In North America, Netflix and YouTube are the main traffic culprits, according to its twice yearly Global Internet Phenomena Report. Combined, they account for 50.31 percent of the downstream traffic during the peak part of the day.
The single most important technical advance in human history, the ability to connect nearly every person alive to any source of information he or she might desire, the stuff of science fiction that allows you to obtain a Harvard-level technical education via a device you can fit in your back pocket, and half of the time it's being used to watch television. Furthermore, we all know that the percentage would be higher if every corporation in America didn't firewall most of the video stuff.
Oh, that the Roman people had but a single neck!
When I took my first trembling steps onto USENET via my university DEC VAX some twenty-four years ago, I had no idea that my entire life would end up revolving around the Net.

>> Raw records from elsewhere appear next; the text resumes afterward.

text \<open>[n] is rendered as the 0-indexed set {0..<n}. The group G is a type of class group_add
(group written additively: 0 is the identity, + is the group product). A morphism [n] -> [m]
is a pair (f,g) with f injective {0..<n} -> {0..<m} and g : {0..<n} -> G; outside {0..<n}
both components are normalised to 0 so that morphisms are determined by their restriction.\<close>

type_synonym 'g morph = "(nat \<Rightarrow> nat) \<times> (nat \<Rightarrow> 'g)"

definition hom :: "nat \<Rightarrow> nat \<Rightarrow> ('g::group_add) morph set" where
  "hom n m = {(f, g). inj_on f {..<n} \<and> f ` {..<n} \<subseteq> {..<m}
                      \<and> (\<forall>x\<ge>n. f x = 0) \<and> (\<forall>x\<ge>n. g x = 0)}"

text \<open>comp n psi phi is psi o phi where phi has domain [n];
  (f,g) o (f',g') = (f o f', h) with h(x) = g'(x) g(f'(x)).\<close>
definition comp :: "nat \<Rightarrow> ('g::group_add) morph \<Rightarrow> 'g morph \<Rightarrow> 'g morph" where
  "comp n psi phi = (\<lambda>x. if x < n then fst psi (fst phi x) else 0,
                     \<lambda>x. if x < n then snd phi x + snd psi (fst phi x) else 0)"

definition idm :: "nat \<Rightarrow> ('g::group_add) morph" where
  "idm n = (\<lambda>x. if x < n then x else 0, \<lambda>x. 0)"

definition incl :: "nat \<Rightarrow> ('g::group_add) morph" where
  "incl n = idm n"

text \<open>The shift functor Sigma on a morphism (f,g) : [n] -> [m]: the new point n is sent to
the new point m, with label 1_G.\<close>
definition sigma :: "nat \<Rightarrow> nat \<Rightarrow> ('g::group_add) morph \<Rightarrow> 'g morph" where
  "sigma n m phi = ((fst phi)(n := m), (snd phi)(n := 0))"

text \<open>A module is given by an ambient k-module type 'u with scalar multiplication sc, carriers
C n (a submodule of 'u), submodules N n of C n to be divided out (the degree-n piece is
C n / N n), and actions act n m phi.\<close>

type_synonym ('u, 'g) sqm = "(nat \<Rightarrow> 'u set) \<times> (nat \<Rightarrow> 'u set) \<times> (nat \<Rightarrow> nat \<Rightarrow> 'g morph \<Rightarrow> 'u \<Rightarrow> 'u)"

definition setplus :: "'u::ab_group_add set \<Rightarrow> 'u set \<Rightarrow> 'u set" where
  "setplus A B = {a + b | a b. a \<in> A \<and> b \<in> B}"

definition is_sqm :: "('k::comm_ring_1 \<Rightarrow> 'u::ab_group_add \<Rightarrow> 'u) \<Rightarrow> ('u, 'g::group_add) sqm \<Rightarrow> bool" where
  "is_sqm sc X = (case X of (C, N, act) \<Rightarrow>
     module sc
   \<and> (\<forall>n. module.subspace sc (C n) \<and> module.subspace sc (N n) \<and> N n \<subseteq> C n)
   \<and> (\<forall>n m phi. phi \<in> hom n m \<longrightarrow>
         (\<forall>x\<in>C n. act n m phi x \<in> C m) \<and> (\<forall>x\<in>N n. act n m phi x \<in> N m)
       \<and> (\<forall>x\<in>C n. \<forall>y\<in>C n. act n m phi (x + y) = act n m phi x + act n m phi y)
       \<and> (\<forall>c. \<forall>x\<in>C n. act n m phi (sc c x) = sc c (act n m phi x)))
   \<and> (\<forall>n. \<forall>x\<in>C n. act n n (idm n) x - x \<in> N n)
   \<and> (\<forall>n m l phi psi. phi \<in> hom n m \<longrightarrow> psi \<in> hom m l \<longrightarrow>
         (\<forall>x\<in>C n. act n l (comp n psi phi) x - act m l psi (act n m phi x) \<in> N l)))"

definition fig_module :: "('k::comm_ring_1 \<Rightarrow> 'v::ab_group_add \<Rightarrow> 'v) \<Rightarrow> (nat \<Rightarrow> 'v set)
     \<Rightarrow> (nat \<Rightarrow> nat \<Rightarrow> ('g::group_add) morph \<Rightarrow> 'v \<Rightarrow> 'v) \<Rightarrow> bool" where
  "fig_module sc C act = is_sqm sc (C, (\<lambda>_. {0}), act)"

text \<open>Generated in degree <= m: the image of the map from a direct sum of M(n_i), n_i <= m,
(determined via Yoneda by elements x_i in degree n_i) is everything, i.e. every degree-j piece
is spanned (modulo N j) by the images of elements of degree <= m.\<close>
definition gen_sqm :: "('k::comm_ring_1 \<Rightarrow> 'u::ab_group_add \<Rightarrow> 'u) \<Rightarrow> ('u, 'g::group_add) sqm \<Rightarrow> nat \<Rightarrow> bool" where
  "gen_sqm sc X m = (case X of (C, N, act) \<Rightarrow>
     (\<forall>j. C j \<subseteq> setplus (module.span sc {act n j phi x | n x phi. n \<le> m \<and> x \<in> C n \<and> phi \<in> hom n j}) (N j)))"

definition generated_in_degree :: "('k::comm_ring_1 \<Rightarrow> 'v::ab_group_add \<Rightarrow> 'v) \<Rightarrow> (nat \<Rightarrow> 'v set)
     \<Rightarrow> (nat \<Rightarrow> nat \<Rightarrow> ('g::group_add) morph \<Rightarrow> 'v \<Rightarrow> 'v) \<Rightarrow> nat \<Rightarrow> bool" where
  "generated_in_degree sc C act m = gen_sqm sc (C, (\<lambda>_. {0}), act) m"

text \<open>DX = coker(iota : X -> SX): (DX)_n = X_{n+1} / iota(X_n), with action through Sigma.\<close>
definition Dop :: "('u::ab_group_add, 'g::group_add) sqm \<Rightarrow> ('u, 'g) sqm" where
  "Dop X = (case X of (C, N, act) \<Rightarrow>
     (\<lambda>n. C (Suc n),
      \<lambda>n. setplus (N (Suc n)) (act n (Suc n) (incl n) ` C n),
      \<lambda>n m phi. act (Suc n) (Suc m) (sigma n m phi)))"

text \<open>Ambient module of finitely supported k-valued functions with pointwise scaling.\<close>
definition fsc :: "'k::comm_ring_1 \<Rightarrow> ('a \<Rightarrow> 'k) \<Rightarrow> ('a \<Rightarrow> 'k)" where
  "fsc c p = (\<lambda>x. c * p x)"

definition delta :: "'a \<Rightarrow> ('a \<Rightarrow> 'k::comm_ring_1)" where
  "delta a = (\<lambda>y. if y = a then 1 else 0)"

text \<open>Action of psi : [j] -> [l] on formal combinations of triples (index, element, phi)
with phi : [deg i] -> [j]: the basis element (i,x,phi) goes to (i,x,psi o phi).\<close>
definition indact :: "('i \<Rightarrow> nat) \<Rightarrow> nat \<Rightarrow> nat \<Rightarrow> ('g::group_add) morph
     \<Rightarrow> ('i \<times> 'x \<times> 'g morph \<Rightarrow> 'k::comm_ring_1) \<Rightarrow> ('i \<times> 'x \<times> 'g morph \<Rightarrow> 'k)" where
  "indact deg j l psi p = (\<lambda>(i, x, chi).
      \<Sum>phi \<in> {phi \<in> hom (deg i) j. comp (deg i) psi phi = chi}. p (i, x, phi))"

text \<open>Canonical free cover P of V: the direct sum of copies of M(n), one for every element v of
V_n (all n); P_j has k-basis the triples (n, v, phi) with v in V_n, phi : [n] -> [j].\<close>
definition Pcar :: "(nat \<Rightarrow> 'v set) \<Rightarrow> nat \<Rightarrow> (nat \<times> 'v \<times> ('g::group_add) morph \<Rightarrow> 'k::comm_ring_1) set" where
  "Pcar C j = {p. finite {t. p t \<noteq> 0} \<and>
                  (\<forall>n v phi. p (n, v, phi) \<noteq> 0 \<longrightarrow> v \<in> C n \<and> phi \<in> hom n j)}"

definition Pproj :: "('k::comm_ring_1 \<Rightarrow> 'v::ab_group_add \<Rightarrow> 'v) \<Rightarrow> (nat \<Rightarrow> nat \<Rightarrow> ('g::group_add) morph \<Rightarrow> 'v \<Rightarrow> 'v)
     \<Rightarrow> nat \<Rightarrow> (nat \<times> 'v \<times> 'g morph \<Rightarrow> 'k) \<Rightarrow> 'v" where
  "Pproj sc act j p = (\<Sum>t \<in> {t. p t \<noteq> 0}. case t of (n, v, phi) \<Rightarrow> sc (p t) (act n j phi v))"

definition Psqm :: "(nat \<Rightarrow> 'v set) \<Rightarrow> (nat \<times> 'v \<times> ('g::group_add) morph \<Rightarrow> 'k::comm_ring_1, 'g) sqm" where
  "Psqm C = (Pcar C, (\<lambda>_. {0}), indact (\<lambda>n. n))"

definition Ksqm :: "('k::comm_ring_1 \<Rightarrow> 'v::ab_group_add \<Rightarrow> 'v) \<Rightarrow> (nat \<Rightarrow> 'v set)
     \<Rightarrow> (nat \<Rightarrow> nat \<Rightarrow> ('g::group_add) morph \<Rightarrow> 'v \<Rightarrow> 'v) \<Rightarrow> (nat \<times> 'v \<times> 'g morph \<Rightarrow> 'k, 'g) sqm" where
  "Ksqm sc C act = ((\<lambda>j. {p \<in> Pcar C j. Pproj sc act j p = 0}), (\<lambda>_. {0}), indact (\<lambda>n. n))"

text \<open>H_1^{D^a}(V) = ker(D^a K -> D^a P) for the projective presentation 0 -> K -> P -> V -> 0
(P projective, H_1 of P vanishes, D^a right exact). The map is induced by the inclusion K <= P,
so it vanishes iff in every degree j, an element of (D^a K)_j that is zero in (D^a P)_j is
already zero in (D^a K)_j.\<close>
definition H1D_vanishes :: "('k::comm_ring_1 \<Rightarrow> 'v::ab_group_add \<Rightarrow> 'v) \<Rightarrow> (nat \<Rightarrow> 'v set)
     \<Rightarrow> (nat \<Rightarrow> nat \<Rightarrow> ('g::group_add) morph \<Rightarrow> 'v \<Rightarrow> 'v) \<Rightarrow> nat \<Rightarrow> bool" where
  "H1D_vanishes sc C act a =
     (let DK = (Dop ^^ a) (Ksqm sc C act); DP = (Dop ^^ a) (Psqm C :: (_ \<Rightarrow> 'k, _) sqm) in
      \<forall>j. \<forall>x \<in> fst DK j. x \<in> fst (snd DP) j \<longrightarrow> x \<in> fst (snd DK) j)"

definition depth :: "('k::comm_ring_1 \<Rightarrow> 'v::ab_group_add \<Rightarrow> 'v) \<Rightarrow> (nat \<Rightarrow> 'v set)
     \<Rightarrow> (nat \<Rightarrow> nat \<Rightarrow> ('g::group_add) morph \<Rightarrow> 'v \<Rightarrow> 'v) \<Rightarrow> enat" where
  "depth sc C act = Inf (enat ` {a. \<not> H1D_vanishes sc C act (Suc a)})"

text \<open>A k[G_n]-module W (carrier Wc inside the ambient module, G_n = Hom([n],[n]) acting on
the left by Wact).\<close>
definition kGn_module :: "('k::comm_ring_1 \<Rightarrow> 'v::ab_group_add \<Rightarrow> 'v) \<Rightarrow> nat \<Rightarrow> 'v set
     \<Rightarrow> (('g::group_add) morph \<Rightarrow> 'v \<Rightarrow> 'v) \<Rightarrow> bool" where
  "kGn_module sc n Wc Wact =
     (module sc \<and> module.subspace sc Wc
    \<and> (\<forall>s \<in> hom n n. (\<forall>w\<in>Wc. Wact s w \<in> Wc)
          \<and> (\<forall>w\<in>Wc. \<forall>w'\<in>Wc. Wact s (w + w') = Wact s w + Wact s w')
          \<and> (\<forall>c. \<forall>w\<in>Wc. Wact s (sc c w) = sc c (Wact s w)))
    \<and> (\<forall>w\<in>Wc. Wact (idm n) w = w)
    \<and> (\<forall>s \<in> hom n n. \<forall>t \<in> hom n n. \<forall>w\<in>Wc. Wact (comp n s t) w = Wact s (Wact t w)))"

text \<open>The direct sum over i in I of M(W_i), W_i a k[G_{deg i}]-module:
M(W)_j = W (x)_{k[G_n]} k[Hom([n],[j])], realised as the free k-module on pairs (w, phi)
modulo bilinearity in w and the balancing relations (s w) (x) phi = w (x) (phi o s).\<close>
definition RPcar :: "nat set \<Rightarrow> (nat \<Rightarrow> nat) \<Rightarrow> (nat \<Rightarrow> 'v set) \<Rightarrow> nat
     \<Rightarrow> (nat \<times> 'v \<times> ('g::group_add) morph \<Rightarrow> 'k::comm_ring_1) set" where
  "RPcar I deg Wc j = {p. finite {t. p t \<noteq> 0} \<and>
       (\<forall>i w phi. p (i, w, phi) \<noteq> 0 \<longrightarrow> i \<in> I \<and> w \<in> Wc i \<and> phi \<in> hom (deg i) j)}"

But it does. Ninety percent of the income I've earned since 1999 has been from administration/development on connected systems and freelance writing for online sources. Without the Internet, you wouldn't be reading me in any form. Although I was a print-magazine writer in the bicycle field, I left that behind in 1998. I didn't take a conventional journalism or engineering path in my twenties, and the magazines didn't take an interest in me until I'd already written a quarter-million words online.

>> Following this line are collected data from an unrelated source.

lemma FactGroup_iso_kernel_comp:
  assumes "group_hom G H f" and "group_hom H Q p"
    and surj: "(\<lambda>g. p (f g)) ` carrier G = carrier Q"
  shows "(\<lambda>C. the_elem ((\<lambda>g. kernel H Q p #>\<^bsub>H\<^esub> f g) ` C))
           \<in> iso (G Mod kernel G Q (\<lambda>g. p (f g))) (H Mod kernel H Q p)"
proof -
  interpret f: group_hom G H f by fact
  interpret p: group_hom H Q p by fact
  let ?K = "kernel H Q p"
  let ?h = "\<lambda>g. ?K #>\<^bsub>H\<^esub> f g"
  interpret h: group_hom G "H Mod ?K" ?h
    by (rule f.group_hom_rcos_comp[OF p.normal_kernel])
  have "group H"
    using assms(2) by (simp add: group_hom_def)
  have kernel_iff: "?h g = ?K \<longleftrightarrow> p (f g) = \<one>\<^bsub>Q\<^esub>" if "g \<in> carrier G" for g
  proof -
    have "?h g = ?K \<longleftrightarrow> f g \<in> ?K"
      by (rule group.rcos_eq_self_iff[OF \<open>group H\<close> p.subgroup_kernel f.hom_closed[OF that]])
    also have "\<dots> \<longleftrightarrow> p (f g) = \<one>\<^bsub>Q\<^esub>"
      using f.hom_closed[OF that] unfolding kernel_def by blast
    finally show ?thesis .
  qed
  have kernel_eq: "kernel G (H Mod ?K) ?h = kernel G Q (\<lambda>g. p (f g))"
    unfolding kernel_def[of G "H Mod ?K"] kernel_def[of G Q] one_FactGroup
    by (rule Collect_cong) (use kernel_iff in blast)
  have "?h ` carrier G = carrier (H Mod ?K)"
  proof
    have "?K #>\<^bsub>H\<^esub> x \<in> ?h ` carrier G" if x: "x \<in> carrier H" for x
    proof -
      have "p x \<in> (\<lambda>g. p (f g)) ` carrier G"
        using x surj by simp
      then obtain g where "g \<in> carrier G" and "p x = p (f g)"
        by (rule imageE) simp
      then show ?thesis
        using p.rcos_kernel_eq[OF x] by (intro image_eqI) simp_all
    qed
    then show "carrier (H Mod ?K) \<subseteq> ?h ` carrier G"
      unfolding carrier_FactGroup by (rule image_subsetI)
  qed (rule image_subsetI, rule h.hom_closed)
  from h.FactGroup_iso_set[OF this] show ?thesis
    unfolding kernel_eq .
qed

So I owe everything from my house to my guitar collection to the Internet, and that's nice. More importantly than that, however, I've made the vast majority of the personal connections there. It's brought me dozens of unforgettable adventures in the past decade, from an Air Force retirement ceremony at Tinker AFB to standing on the podium at Sepang. I've met more brilliant, kind, and thoughtful people online than I could have met during five lifetimes otherwise.
And yes, I've done a little bit of macking online as well. I've been a participant in that most strangely modern of ceremonies, sharing a bed or a back seat with someone almost immediately after meeting them for the first time "IRL". There's been romance and wonder and delight. As Joni said,
There'll be icicles and birthday clothes and sometimes there'll be sorrow
Oh, how I love that line. "Sometimes there'll be sorrow." Yes there will be.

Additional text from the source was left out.